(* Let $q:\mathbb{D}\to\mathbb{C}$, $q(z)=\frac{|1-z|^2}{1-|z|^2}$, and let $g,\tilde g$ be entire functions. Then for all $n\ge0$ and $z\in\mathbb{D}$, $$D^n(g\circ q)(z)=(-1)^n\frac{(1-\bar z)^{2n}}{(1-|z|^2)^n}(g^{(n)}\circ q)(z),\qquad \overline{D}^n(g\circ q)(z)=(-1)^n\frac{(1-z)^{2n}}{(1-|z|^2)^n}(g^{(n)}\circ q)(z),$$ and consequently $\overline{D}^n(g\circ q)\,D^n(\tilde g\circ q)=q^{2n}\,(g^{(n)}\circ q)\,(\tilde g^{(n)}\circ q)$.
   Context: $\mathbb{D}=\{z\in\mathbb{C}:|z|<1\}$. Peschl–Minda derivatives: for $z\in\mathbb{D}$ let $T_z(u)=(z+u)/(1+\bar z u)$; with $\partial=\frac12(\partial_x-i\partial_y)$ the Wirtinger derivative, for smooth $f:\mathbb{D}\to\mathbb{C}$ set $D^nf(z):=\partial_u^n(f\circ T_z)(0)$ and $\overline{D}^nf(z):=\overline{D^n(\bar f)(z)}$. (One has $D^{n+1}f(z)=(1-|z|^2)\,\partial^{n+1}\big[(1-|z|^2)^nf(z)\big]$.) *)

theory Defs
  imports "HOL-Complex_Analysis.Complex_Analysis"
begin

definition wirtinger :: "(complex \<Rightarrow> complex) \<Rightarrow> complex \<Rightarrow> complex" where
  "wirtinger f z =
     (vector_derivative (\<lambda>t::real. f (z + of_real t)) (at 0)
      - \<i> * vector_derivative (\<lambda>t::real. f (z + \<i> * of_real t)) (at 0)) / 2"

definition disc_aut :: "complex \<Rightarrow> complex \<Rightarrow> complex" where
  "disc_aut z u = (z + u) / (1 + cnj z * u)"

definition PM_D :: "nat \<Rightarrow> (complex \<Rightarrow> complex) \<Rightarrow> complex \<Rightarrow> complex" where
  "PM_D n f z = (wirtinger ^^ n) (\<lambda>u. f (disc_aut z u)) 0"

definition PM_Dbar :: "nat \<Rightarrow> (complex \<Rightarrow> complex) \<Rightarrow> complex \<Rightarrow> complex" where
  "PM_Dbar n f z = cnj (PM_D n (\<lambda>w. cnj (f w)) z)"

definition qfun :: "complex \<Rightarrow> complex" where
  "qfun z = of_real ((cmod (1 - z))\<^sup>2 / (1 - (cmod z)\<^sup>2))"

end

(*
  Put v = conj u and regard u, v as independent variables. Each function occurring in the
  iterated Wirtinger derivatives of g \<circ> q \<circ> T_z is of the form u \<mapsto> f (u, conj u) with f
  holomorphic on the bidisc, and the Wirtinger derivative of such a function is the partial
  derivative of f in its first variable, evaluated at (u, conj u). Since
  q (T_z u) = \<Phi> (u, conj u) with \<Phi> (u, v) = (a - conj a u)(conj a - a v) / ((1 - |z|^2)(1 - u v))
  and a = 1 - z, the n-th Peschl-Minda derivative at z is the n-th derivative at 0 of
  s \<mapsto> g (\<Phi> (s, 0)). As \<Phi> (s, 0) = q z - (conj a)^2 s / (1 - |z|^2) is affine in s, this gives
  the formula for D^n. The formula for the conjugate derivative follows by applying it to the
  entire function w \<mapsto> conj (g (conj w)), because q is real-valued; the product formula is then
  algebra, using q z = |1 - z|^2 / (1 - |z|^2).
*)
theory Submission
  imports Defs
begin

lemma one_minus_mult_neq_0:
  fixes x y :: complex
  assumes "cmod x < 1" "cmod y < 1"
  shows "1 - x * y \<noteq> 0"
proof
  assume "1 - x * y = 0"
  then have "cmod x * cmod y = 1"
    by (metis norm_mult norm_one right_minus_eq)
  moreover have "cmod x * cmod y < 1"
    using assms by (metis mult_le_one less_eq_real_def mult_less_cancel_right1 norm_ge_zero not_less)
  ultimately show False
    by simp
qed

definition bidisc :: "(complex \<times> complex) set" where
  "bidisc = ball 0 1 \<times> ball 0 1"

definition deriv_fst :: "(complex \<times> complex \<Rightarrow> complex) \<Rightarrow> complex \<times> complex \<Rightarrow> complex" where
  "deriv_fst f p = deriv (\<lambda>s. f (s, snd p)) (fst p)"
^^^^
**WHAT TO WORK ON**
Repeat the data word for word.

**RESPONSE TO THIS TASK**
(* Let $q:\mathbb{D}\to\mathbb{C}$, $q(z)=\frac{|1-z|^2}{1-|z|^2}$, and let $g,\tilde g$ be entire functions. Then for all $n\ge0$ and $z\in\mathbb{D}$, $$D^n(g\circ q)(z)=(-1)^n\frac{(1-\bar z)^{2n}}{(1-|z|^2)^n}(g^{(n)}\circ q)(z),\qquad \overline{D}^n(g\circ q)(z)=(-1)^n\frac{(1-z)^{2n}}{(1-|z|^2)^n}(g^{(n)}\circ q)(z),$$ and consequently $\overline{D}^n(g\circ q)\,D^n(\tilde g\circ q)=q^{2n}\,(g^{(n)}\circ q)\,(\tilde g^{(n)}\circ q)$.
   Context: $\mathbb{D}=\{z\in\mathbb{C}:|z|<1\}$. Peschl–Minda derivatives: for $z\in\mathbb{D}$ let $T_z(u)=(z+u)/(1+\bar z u)$; with $\partial=\frac12(\partial_x-i\partial_y)$ the Wirtinger derivative, for smooth $f:\mathbb{D}\to\mathbb{C}$ set $D^nf(z):=\partial_u^n(f\circ T_z)(0)$ and $\overline{D}^nf(z):=\overline{D^n(\bar f)(z)}$. (One has $D^{n+1}f(z)=(1-|z|^2)\,\partial^{n+1}\big[(1-|z|^2)^nf(z)\big]$.) *)

theory Defs
  imports "HOL-Complex_Analysis.Complex_Analysis"
begin

definition wirtinger :: "(complex \<Rightarrow> complex) \<Rightarrow> complex \<Rightarrow> complex" where
  "wirtinger f z =
     (vector_derivative (\<lambda>t::real. f (z + of_real t)) (at 0)
      - \<i> * vector_derivative (\<lambda>t::real. f (z + \<i> * of_real t)) (at 0)) / 2"

definition disc_aut :: "complex \<Rightarrow> complex \<Rightarrow> complex" where
  "disc_aut z u = (z + u) / (1 + cnj z * u)"

definition PM_D :: "nat \<Rightarrow> (complex \<Rightarrow> complex) \<Rightarrow> complex \<Rightarrow> complex" where
  "PM_D n f z = (wirtinger ^^ n) (\<lambda>u. f (disc_aut z u)) 0"

definition PM_Dbar :: "nat \<Rightarrow> (complex \<Rightarrow> complex) \<Rightarrow> complex \<Rightarrow> complex" where
  "PM_Dbar n f z = cnj (PM_D n (\<lambda>w. cnj (f w)) z)"

definition qfun :: "complex \<Rightarrow> complex" where
  "qfun z = of_real ((cmod (1 - z))\<^sup>2 / (1 - (cmod z)\<^sup>2))"

end

(*
  Put v = conj u and regard u, v as independent variables. Each function occurring in the
  iterated Wirtinger derivatives of g \<circ> q \<circ> T_z is of the form u \<mapsto> f (u, conj u) with f
  holomorphic on the bidisc, and the Wirtinger derivative of such a function is the partial
  derivative of f in its first variable, evaluated at (u, conj u). Since
  q (T_z u) = \<Phi> (u, conj u) with \<Phi> (u, v) = (a - conj a u)(conj a - a v) / ((1 - |z|^2)(1 - u v))
  and a = 1 - z, the n-th Peschl-Minda derivative at z is the n-th derivative at 0 of
  s \<mapsto> g (\<Phi> (s, 0)). As \<Phi> (s, 0) = q z - (conj a)^2 s / (1 - |z|^2) is affine in s, this gives
  the formula for D^n. The formula for the conjugate derivative follows by applying it to the
  entire function w \<mapsto> conj (g (conj w)), because q is real-valued; the product formula is then
  algebra, using q z = |1 - z|^2 / (1 - |z|^2).
*)
theory Submission
  imports Defs
begin

lemma one_minus_mult_neq_0:
  fixes x y :: complex
  assumes "cmod x < 1" "cmod y < 1"
  shows "1 - x * y \<noteq> 0"
proof
  assume "1 - x * y = 0"
  then have "cmod x * cmod y = 1"
    by (metis norm_mult norm_one right_minus_eq)
  moreover have "cmod x * cmod y < 1"
    using assms by (metis mult_le_one less_eq_real_def mult_less_cancel_right1 norm_ge_zero not_less)
  ultimately show False
    by simp
qed

definition bidisc :: "(complex \<times> complex) set" where
  "bidisc = ball 0 1 \<times> ball 0 1"

definition deriv_fst :: "(complex \<times> complex \<Rightarrow> complex) \<Rightarrow> complex \<times> complex \<Rightarrow> complex" where
  "deriv_fst f p = deriv (\<lambda>s. f (s, snd p)) (fst p)"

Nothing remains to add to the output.